The key challenge, then, is not just how courts adapt or how lawyers use AI. The more fundamental challenge is connecting the dots and recognizing that legal concepts—like agency, accountability, and the boundary between individual and collective interests—need updating in the same way that Yan Fu had to invent new vocabulary to match a changing reality. AI is bringing us to a similar moment where legal understanding must evolve to meet technological change.

HULR: Given the growth of AI, what skills do you think are most important for aspiring young legal scholars and practitioners today? What advice would you give pre-law or law students hoping to make meaningful contributions to this field that is constantly changing?

RG: We discussed earlier that comparative and cross-cultural literacy is very important, and that interdisciplinary perspectives are incredibly valuable. In my own work, for example, I engage with what may seem like very different fields—corporate law, disability law, AI, ethics and governance. But the perspectives I gain from moving between different areas help me reach a deeper and more complete understanding.

A third skill is ethical imagination. Law is not just about solving an immediate problem; it is about making decisions that carry weight in people’s lives. It is part of a much larger story that all of us live within, and we need to be able to understand that larger story, which fundamentally requires ethical imagination.

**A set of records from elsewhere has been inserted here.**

lemma block_equivI: "B \<in> \<P> \<Longrightarrow> x \<in> B \<Longrightarrow> y \<in> B \<Longrightarrow> (x, y) \<in> block_equiv \<P>"
  unfolding block_equiv_def by (rule r_into_trancl) blast

lemma equiv_block_equiv: "equiv (\<Union>\<P>) (block_equiv \<P>)"
proof (rule equivI)
  show "block_equiv \<P> \<subseteq> \<Union>\<P> \<times> \<Union>\<P>"
    unfolding block_equiv_def by (rule trancl_subset_Sigma) blast
  show "refl_on (\<Union>\<P>) (block_equiv \<P>)"
    by (rule refl_onI) (blast intro: block_equivI)
  show "sym (block_equiv \<P>)"
    unfolding block_equiv_def by (rule sym_trancl) (auto intro: symI)
  show "trans (block_equiv \<P>)"
    unfolding block_equiv_def by (rule trans_trancl)
qed

lemma saturated_iff_block_equiv:
  "saturated \<P> W \<longleftrightarrow> block_equiv \<P> `` W \<subseteq> W \<and> (\<forall>s. {s} \<in> \<P> \<longrightarrow> s \<notin> W)"
proof
  assume sat: "saturated \<P> W"
  then have "(\<Union>B\<in>\<P>. B \<times> B) `` W \<subseteq> W"
    unfolding saturated_def by blast
  then have "(\<Union>B\<in>\<P>. B \<times> B)\<^sup>* `` W = W"
    by (rule Image_closed_trancl)
  then have "block_equiv \<P> `` W \<subseteq> W"
    unfolding block_equiv_def using trancl_into_rtrancl by fastforce
  with sat show "block_equiv \<P> `` W \<subseteq> W \<and> (\<forall>s. {s} \<in> \<P> \<longrightarrow> s \<notin> W)"
    unfolding saturated_def by blast
next
  assume closed: "block_equiv \<P> `` W \<subseteq> W \<and> (\<forall>s. {s} \<in> \<P> \<longrightarrow> s \<notin> W)"
  show "saturated \<P> W"
    unfolding saturated_def
  proof (intro ballI impI conjI allI)
    fix B assume "B \<in> \<P>" "B \<inter> W \<noteq> {}"
    then obtain w where "w \<in> B" "w \<in> W"
      by blast
    show "B \<subseteq> W"
    proof
      fix x assume "x \<in> B"
      with \<open>B \<in> \<P>\<close> \<open>w \<in> B\<close> have "(w, x) \<in> block_equiv \<P>"
        by (rule block_equivI)
      with \<open>w \<in> W\<close> closed show "x \<in> W"
        by blast
    qed
    fix z show "B \<noteq> {z}"
    proof
      assume "B = {z}"
      with \<open>w \<in> B\<close> have "{w} \<in> \<P>"
        using \<open>B \<in> \<P>\<close> by simp
      with \<open>w \<in> W\<close> closed show False
        by blast
    qed
  qed
qed

lemma saturated_block_equiv_Image_iff:
  "saturated \<P> (block_equiv \<P> `` A) \<longleftrightarrow> (\<forall>s. {s} \<in> \<P> \<longrightarrow> s \<notin> block_equiv \<P> `` A)"
proof -
  have "block_equiv \<P> `` (block_equiv \<P> `` A) \<subseteq> block_equiv \<P> `` A"
    using equiv_block_equiv[of \<P>] unfolding equiv_def trans_def by blast
  then show ?thesis
    unfolding saturated_iff_block_equiv by blast
qed

lemma saturated_gen_line_block:
  assumes "\<alpha> \<in> PX X" "B \<in> \<alpha>" "gen_line X B"
  shows "saturated \<alpha> B"
  unfolding saturated_def
proof (intro ballI impI)
  fix C assume "C \<in> \<alpha>" "C \<inter> B \<noteq> {}"
  with assms have "C = B"
    using PX_block_eq by blast
  with assms(3) show "C \<subseteq> B \<and> (\<forall>z. C \<noteq> {z})"
    using gen_line_not_singleton by blast
qed

lemma saturated_PX_block:
  assumes "\<alpha> \<in> PX X" "saturated \<alpha> U" "z \<in> U" "z \<in> ground X"
  obtains B where "B \<in> \<alpha>" "z \<in> B" "B \<subseteq> U" "gen_line X B"
proof -
  from assms(1,4) obtain B where "B \<in> \<alpha>" "z \<in> B"
    using PX_Union by blast
  with assms(2,3) have "B \<subseteq> U" "\<forall>y. B \<noteq> {y}"
    unfolding saturated_def by blast+
  with assms(1) \<open>B \<in> \<alpha>\<close> \<open>z \<in> B\<close> show ?thesis
    using PX_block_cases that by blast
qed

lemma saturated_PX_gen_line:
  assumes "\<alpha> \<in> PX X" "saturated \<alpha> U" "U \<subseteq> ground X" "U \<noteq> {}"
  shows "gen_line X U"
proof -
  from assms(3,4) obtain z where "z \<in> U" "z \<in> ground X"
    by blast
  then obtain B where "B \<in> \<alpha>" "z \<in> B" "B \<subseteq> U" "gen_line X B"
    by (rule saturated_PX_block[OF assms(1,2)])
  then show ?thesis
    unfolding gen_line_def by blast
qed

lemma saturated_PX_subsetI:
  assumes "\<alpha> \<in> PX X" "saturated \<alpha> U" "saturated \<alpha> U'" "U \<subseteq> ground X"
    and "U \<inter> range Inl \<subseteq> U'"
  shows "U \<subseteq> U'"
proof
  fix z assume "z \<in> U"
  moreover from this assms(4) have "z \<in> ground X"
    by blast
  ultimately obtain B where B: "B \<in> \<alpha>" "z \<in> B" "B \<subseteq> U" "gen_line X B"
    by (rule saturated_PX_block[OF assms(1,2)])
  then obtain x where "Inl x \<in> B"
    unfolding gen_line_def by blast
  with B assms(5) have "B \<inter> U' \<noteq> {}"
    by blast
  with assms(3) B show "z \<in> U'"
    unfolding saturated_def by blast
qed

definition line_union_rel :: "'a set \<Rightarrow> ('a + 'a) set set \<Rightarrow> ('a set \<times> 'a set) set" where
  "line_union_rel X \<alpha> = {(S, T). S \<subseteq> X \<and> T \<subseteq> X \<and> saturated \<alpha> (Inl ` S \<union> Inr ` T)}"

lemma saturated_iff_line_union_rel:
  assumes "U \<subseteq> ground X"
  shows "saturated \<alpha> U \<longleftrightarrow> (Inl -` U, Inr -` U) \<in> line_union_rel X \<alpha>"
proof -
  from assms have "Inl -` U \<subseteq> X" "Inr -` U \<subseteq> X"
    by auto
  then show ?thesis
    unfolding line_union_rel_def mem_Collect_eq prod.case Inl_vimage_Un_Inr_vimage by blast
qed

lemma single_valued_line_union_rel:
  assumes "\<alpha> \<in> PX X"
  shows "single_valued (line_union_rel X \<alpha>)"
proof -
  have "T \<subseteq> T'" if "(S, T) \<in> line_union_rel X \<alpha>" "(S, T') \<in> line_union_rel X \<alpha>" for S T T'
  proof -
    from that have sat: "saturated \<alpha> (Inl ` S \<union> Inr ` T)" "saturated \<alpha> (Inl ` S \<union> Inr ` T')"
      and "S \<subseteq> X" "T \<subseteq> X"
      unfolding line_union_rel_def by auto
    have "Inl ` S \<union> Inr ` T \<subseteq> Inl ` S \<union> Inr ` T'"
    proof (rule saturated_PX_subsetI[OF assms sat])
      show "Inl ` S \<union> Inr ` T \<subseteq> ground X"
        using \<open>S \<subseteq> X\<close> \<open>T \<subseteq> X\<close> by auto
      show "(Inl ` S \<union> Inr ` T) \<inter> range Inl \<subseteq> Inl ` S \<union> Inr ` T'"
        by auto
    qed
    then show ?thesis
      by auto
  qed
  then show ?thesis
    by (intro single_valuedI subset_antisym)
qed

lemma line_union_rel_mirror: "line_union_rel X (mirror \<alpha>) = (line_union_rel X \<alpha>)\<inverse>"
  unfolding line_union_rel_def mirror_def saturated_image_iff[OF inj_swap_sum] swap_sum_vimage_Un
  by auto

lemma partial_bij_line_union_rel: "\<alpha> \<in> PX X \<Longrightarrow> partial_bij (line_union_rel X \<alpha>)"
  unfolding partial_bij_def
  by (metis line_union_rel_mirror mirror_in_PX single_valued_line_union_rel)

lemma mem_PX_if_saturated_eq:
  assumes \<alpha>: "\<alpha> \<in> PX X" and \<beta>: "\<beta> \<in> PX X"
    and sat_eq: "\<And>U. U \<subseteq> ground X \<Longrightarrow> saturated \<alpha> U \<longleftrightarrow> saturated \<beta> U"
    and "B \<in> \<alpha>" "gen_line X B"
  shows "B \<in> \<beta>"
proof -
  have "B \<subseteq> ground X"
    using PX_Union[OF \<alpha>] \<open>B \<in> \<alpha>\<close> by blast
  with sat_eq have "saturated \<beta> B"
    using saturated_gen_line_block[OF \<alpha> \<open>B \<in> \<alpha>\<close> \<open>gen_line X B\<close>] by blast
  from \<open>gen_line X B\<close> obtain z where "z \<in> B"
    unfolding gen_line_def by blast
  with \<open>B \<subseteq> ground X\<close> have "z \<in> ground X"
    by blast
  with \<open>z \<in> B\<close> obtain C where C: "C \<in> \<beta>" "z \<in> C" "C \<subseteq> B" "gen_line X C"
    by (rule saturated_PX_block[OF \<beta> \<open>saturated \<beta> B\<close>])
  then have "saturated \<alpha> C"
    using saturated_gen_line_block[OF \<beta>] sat_eq \<open>B \<subseteq> ground X\<close> by blast
  with \<open>B \<in> \<alpha>\<close> \<open>z \<in> B\<close> C have "B \<subseteq> C"
    unfolding saturated_def by blast
  with C show "B \<in> \<beta>"
    by auto
qed

lemma inj_on_line_union_rel: "inj_on (line_union_rel X) (PX X)"
proof (rule inj_onI)
  fix \<alpha> \<beta> assume \<alpha>: "\<alpha> \<in> PX X" and \<beta>: "\<beta> \<in> PX X"
    and "line_union_rel X \<alpha> = line_union_rel X \<beta>"
  then have "saturated \<alpha> U \<longleftrightarrow> saturated \<beta> U" if "U \<subseteq> ground X" for U
    using that saturated_iff_line_union_rel by metis
  with \<alpha> \<beta> show "\<alpha> = \<beta>"
    by (intro PX_eqI[OF \<alpha> \<beta>]) (metis mem_PX_if_saturated_eq)
qed

section \<open>The product \<open>\<star>\<close>\<close>

lemma inj_relabel_left: "inj relabel_left"
proof (rule injI)
  fix x y :: "'a + 'a" assume "relabel_left x = relabel_left y"
  then show "x = y"
    by (cases x; cases y) simp_all
qed

lemma inj_relabel_right: "inj relabel_right"
proof (rule injI)
  fix x y :: "'a + 'a" assume "relabel_right x = relabel_right y"
  then show "x = y"
    by (cases x; cases y) simp_all
qed

definition triple_set :: "'a set \<Rightarrow> 'a set \<Rightarrow> 'a set \<Rightarrow> ('a + 'a + 'a) set" where
  "triple_set S M T = Inl ` S \<union> Inr ` (Inl ` M \<union> Inr ` T)"

lemma triple_set_parts: "triple_set (Inl -` W) (Inl -` Inr -` W) (Inr -` Inr -` W) = W"
  by (simp only: triple_set_def Inl_vimage_Un_Inr_vimage)

lemma triple_set_subset_iff:
  "triple_set S M T \<subseteq> triple_set X X X \<longleftrightarrow> S \<subseteq> X \<and> M \<subseteq> X \<and> T \<subseteq> X"
  unfolding triple_set_def by (auto simp: image_subset_iff)

lemma vimage_relabel_left_triple_set: "relabel_left -` triple_set S M T = Inl ` S \<union> Inr ` M"
proof (rule set_eqI)
  fix z show "z \<in> relabel_left -` triple_set S M T \<longleftrightarrow> z \<in> Inl ` S \<union> Inr ` M"
    by (cases z) (auto simp: triple_set_def image_iff)
qed

lemma vimage_relabel_right_triple_set: "relabel_right -` triple_set S M T = Inl ` M \<union> Inr ` T"
proof (rule set_eqI)
  fix z show "z \<in> relabel_right -` triple_set S M T \<longleftrightarrow> z \<in> Inl ` M \<union> Inr ` T"
    by (cases z) (auto simp: triple_set_def image_iff)
qed

lemma vimage_embed_outer_triple_set: "embed_outer -` triple_set S M T = Inl ` S \<union> Inr ` T"
proof (rule set_eqI)
  fix z show "z \<in> embed_outer -` triple_set S M T \<longleftrightarrow> z \<in> Inl ` S \<union> Inr ` T"
    by (cases z) (auto simp: triple_set_def image_iff)
qed

lemma embed_outer_in_triple_set_iff: "embed_outer u \<in> triple_set X X X \<longleftrightarrow> u \<in> ground X"
proof -
  have "embed_outer -` triple_set X X X = ground X"
    unfolding vimage_embed_outer_triple_set ground_def ..
  then show ?thesis
    by blast
qed

lemma Union_star_blocks:
  assumes "\<alpha> \<in> PX X" "\<beta> \<in> PX X"
  shows "\<Union>(star_blocks \<alpha> \<beta>) = triple_set X X X"
proof -
  have "\<Union>(star_blocks \<alpha> \<beta>) = relabel_left ` \<Union>\<alpha> \<union> relabel_right ` \<Union>\<beta>"
    unfolding star_blocks_def Union_Un_distrib image_Union ..
  also have "\<dots> = triple_set X X X"
    unfolding PX_Union[OF assms(1)] PX_Union[OF assms(2)] ground_def triple_set_def
    by (simp add: image_Un image_image Un_ac)
  finally show ?thesis .
qed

If I could add one final thought, it would be that law is ultimately about formally organizing our deepest disagreements—about power, dignity, and the good life—so that they do not destroy us. In that sense, the rule-of-law ideal has long been understood as a kind of civilizational progress: a movement away from worlds in which politics, factional struggle, or the will of a ruler could rupture everything—markets, families, and the basic stability of social life. The aspiration was that at least some parts of life would be insulated from arbitrary disruption, governed instead by publicly knowable and relatively stable rules that give structure to our shared vision of a good life.

Today, that aspiration is under intense strain. Authoritarian resurgence, U.S.–China rivalry, technological upheavals such as AI, ecological crisis, and widening inequality are not only technical or geopolitical challenges; they raise a fundamental question about whether we can still sustain something like the rule of law, and what it should mean under radically new conditions. Can we rearticulate legal order in ways that reckon honestly with these transformations, rather than merely preserving the shell of past arrangements?

For students, this can feel overwhelming, but it is also a remarkable moment to enter the field. You are not simply inheriting fixed doctrines and institutions; you are stepping into a period where the basic terms of social cooperation are being renegotiated. My hope is that more young legal scholars will see themselves not only as interpreters of existing rules, but as co-authors of new legal frameworks that make it possible to live well together—frameworks that can hold under the pressures of new technologies, shifting geopolitical realities, and changing social expectations, in the United States, in China, and beyond.